Smart Pension is a pensions and retirement technology business, delivering pensions technology platforms in partnership with other financial institutions, and running a defined contribution master trust pension scheme setup for employers to enrol employees in a workplace pension scheme.

==Operations==

Smart Pension's headquarters are in Marylebone, London.

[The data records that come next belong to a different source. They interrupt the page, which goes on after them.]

(* ${\bf KB^\boxdot}$ is strongly complete with respect to the class of quasi-symmetric bimodal frames: every ${\bf KB^\boxdot}$-consistent set of $\mathcal{L}(\boxdot)$-formulas is satisfiable at some state of some quasi-symmetric bimodal model.
   Context: Fix a nonempty set $\mathbf{P}$ of propositional variables. A bimodal model is $\langle S,R_1,R_2,V\rangle$ with $S$ nonempty, $R_1,R_2\subseteq S\times S$, $V:\mathbf{P}\to\mathcal{P}(S)$. It is quasi-symmetric if for all $i,j\in\{1,2\}$ and all $s,t\in S$ such that $tR_ju$ for some $u\in S$, $sR_it$ implies $tR_is$. $\mathcal{L}(\boxdot):\ \phi::=p\mid\neg\phi\mid(\phi\wedge\phi)\mid\boxdot\phi$. Truth: $\mathcal{M},s\vDash\boxdot\phi$ iff for all $t,u$ with $sR_1t$ and $sR_2u$, ($\mathcal{M},t\vDash\phi\iff\mathcal{M},u\vDash\phi$); atoms and Booleans as usual. ${\bf K^\boxdot}$ has axioms: all instances of propositional tautologies; $\boxdot\top$; $\boxdot\phi\leftrightarrow\boxdot\neg\phi$; $\boxdot\phi\wedge\boxdot\psi\to\boxdot(\phi\wedge\psi)$; $\boxdot\phi\to\boxdot(\phi\vee\psi)\vee\boxdot(\neg\phi\vee\chi)$; rules: modus ponens and RE: from $\phi\leftrightarrow\psi$ infer $\boxdot\phi\leftrightarrow\boxdot\psi$. ${\bf KB^\boxdot}$ is ${\bf K^\boxdot}$ plus the axiom schema $\phi\to\boxdot((\boxdot\phi\wedge\boxdot(\phi\to\psi)\wedge\neg\boxdot\psi)\to\chi)$. A set is consistent if no finite conjunction of its members has a provable negation. *)

theory Defs
  imports Main
begin

datatype 'p fm = Atom 'p | Neg "'p fm" | Conj "'p fm" "'p fm" | Dot "'p fm"

definition Disj :: "'p fm \<Rightarrow> 'p fm \<Rightarrow> 'p fm" where
  "Disj a b = Neg (Conj (Neg a) (Neg b))"

definition Imp :: "'p fm \<Rightarrow> 'p fm \<Rightarrow> 'p fm" where
  "Imp a b = Neg (Conj a (Neg b))"

definition Iff :: "'p fm \<Rightarrow> 'p fm \<Rightarrow> 'p fm" where
  "Iff a b = Conj (Imp a b) (Imp b a)"

text \<open>Top is defined as the negation of a contradiction built from a fixed
  (arbitrary) propositional variable; the set of variables is the type 'p,
  which is nonempty.\<close>
definition Top :: "'p fm" where
  "Top = Neg (Conj (Atom (SOME p. True)) (Neg (Atom (SOME p. True))))"

fun tv :: "('p fm \<Rightarrow> bool) \<Rightarrow> 'p fm \<Rightarrow> bool" where
  "tv g (Atom p) = g (Atom p)"
| "tv g (Neg a) = (\<not> tv g a)"
| "tv g (Conj a b) = (tv g a \<and> tv g b)"
| "tv g (Dot a) = g (Dot a)"

definition tautology :: "'p fm \<Rightarrow> bool" where
  "tautology \<phi> \<longleftrightarrow> (\<forall>g. tv g \<phi>)"

inductive KBdot :: "'p fm \<Rightarrow> bool" where
  Taut: "tautology \<phi> \<Longrightarrow> KBdot \<phi>"
| DotTop: "KBdot (Dot Top)"
| DotNeg: "KBdot (Iff (Dot \<phi>) (Dot (Neg \<phi>)))"
| DotConj: "KBdot (Imp (Conj (Dot \<phi>) (Dot \<psi>)) (Dot (Conj \<phi> \<psi>)))"
| DotDisj: "KBdot (Imp (Dot \<phi>) (Disj (Dot (Disj \<phi> \<psi>)) (Dot (Disj (Neg \<phi>) \<chi>))))"
| AxB: "KBdot (Imp \<phi> (Dot (Imp (Conj (Conj (Dot \<phi>) (Dot (Imp \<phi> \<psi>))) (Neg (Dot \<psi>))) \<chi>)))"
| MP: "KBdot (Imp \<phi> \<psi>) \<Longrightarrow> KBdot \<phi> \<Longrightarrow> KBdot \<psi>"
| RE: "KBdot (Iff \<phi> \<psi>) \<Longrightarrow> KBdot (Iff (Dot \<phi>) (Dot \<psi>))"

definition conjs :: "'p fm list \<Rightarrow> 'p fm" where
  "conjs xs = foldr Conj xs Top"

definition KBdot_consistent :: "'p fm set \<Rightarrow> bool" where
  "KBdot_consistent \<Gamma> \<longleftrightarrow> (\<forall>xs. set xs \<subseteq> \<Gamma> \<longrightarrow> \<not> KBdot (Neg (conjs xs)))"

definition bimodal_model :: "'w set \<Rightarrow> ('w \<times> 'w) set \<Rightarrow> ('w \<times> 'w) set \<Rightarrow> ('p \<Rightarrow> 'w set) \<Rightarrow> bool" where
  "bimodal_model S R1 R2 V \<longleftrightarrow> S \<noteq> {} \<and> R1 \<subseteq> S \<times> S \<and> R2 \<subseteq> S \<times> S \<and> (\<forall>p. V p \<subseteq> S)"

definition quasi_symmetric :: "'w set \<Rightarrow> ('w \<times> 'w) set \<Rightarrow> ('w \<times> 'w) set \<Rightarrow> bool" where
  "quasi_symmetric S R1 R2 \<longleftrightarrow>
     (\<forall>Ri \<in> {R1, R2}. \<forall>Rj \<in> {R1, R2}. \<forall>s\<in>S. \<forall>t\<in>S.
        (\<exists>u\<in>S. (t, u) \<in> Rj) \<longrightarrow> (s, t) \<in> Ri \<longrightarrow> (t, s) \<in> Ri)"

fun sat :: "('w \<times> 'w) set \<Rightarrow> ('w \<times> 'w) set \<Rightarrow> ('p \<Rightarrow> 'w set) \<Rightarrow> 'w \<Rightarrow> 'p fm \<Rightarrow> bool" where
  "sat R1 R2 V s (Atom p) = (s \<in> V p)"
| "sat R1 R2 V s (Neg a) = (\<not> sat R1 R2 V s a)"
| "sat R1 R2 V s (Conj a b) = (sat R1 R2 V s a \<and> sat R1 R2 V s b)"
| "sat R1 R2 V s (Dot a) =
     (\<forall>t u. (s, t) \<in> R1 \<longrightarrow> (s, u) \<in> R2 \<longrightarrow> (sat R1 R2 V t a \<longleftrightarrow> sat R1 R2 V u a))"

end

theory Submission
  imports Defs
begin

text \<open>The canonical model has the maximal consistent sets as states, and a single accessibility
  relation serving as both R1 and R2: N is accessible from M when N contains every formula
  that Dot-reasoning in M forces to hold at all successors. The B axiom makes this relation
  symmetric wherever it is defined, which is exactly quasi-symmetry; the truth lemma then
  reduces to showing that Dot \<phi> \<notin> M yields successors disagreeing on \<phi>.\<close>

lemma tv_Top [simp]: "tv g Top"
  by (simp add: Top_def)

lemma tv_Imp [simp]: "tv g (Imp a b) \<longleftrightarrow> (tv g a \<longrightarrow> tv g b)"
  by (simp add: Imp_def)

lemma tv_Disj [simp]: "tv g (Disj a b) \<longleftrightarrow> tv g a \<or> tv g b"
  by (simp add: Disj_def)

lemma tv_Iff [simp]: "tv g (Iff a b) \<longleftrightarrow> (tv g a \<longleftrightarrow> tv g b)"
  by (auto simp add: Iff_def)

lemma tv_conjs [simp]: "tv g (conjs xs) \<longleftrightarrow> (\<forall>x\<in>set xs. tv g x)"
  by (induct xs) (simp_all add: conjs_def)

lemma KBdot_tautologyI: "(\<And>g. tv g \<phi>) \<Longrightarrow> KBdot \<phi>"
  by (rule Taut) (simp add: tautology_def)

lemma KBdot_tv_consequence:
  "KBdot a \<Longrightarrow> (\<And>g. tv g a \<Longrightarrow> tv g b) \<Longrightarrow> KBdot b"
  by (rule MP[of a b]) (auto intro: KBdot_tautologyI)

lemma KBdot_tv_consequence2:
  "KBdot a \<Longrightarrow> KBdot b \<Longrightarrow> (\<And>g. tv g a \<Longrightarrow> tv g b \<Longrightarrow> tv g c) \<Longrightarrow> KBdot c"
  by (rule MP[of b c], rule MP[of a "Imp b c"]) (auto intro: KBdot_tautologyI)

lemma KBdot_Dot_cong: "(\<And>g. tv g a \<longleftrightarrow> tv g b) \<Longrightarrow> KBdot (Iff (Dot a) (Dot b))"
  by (rule RE, rule KBdot_tautologyI) simp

They also operate in other regions including the Middle East with Zurich, and in Ireland with New Ireland Assurance, as well as strategic partnerships with Australia's Link Group, and France's Natixis IM

In 2016, Smart Pension was added to the UK government's Pensions Regulator’s list of Group Personal Pensions open to any employer, having met the master trust assurance framework and other required criteria.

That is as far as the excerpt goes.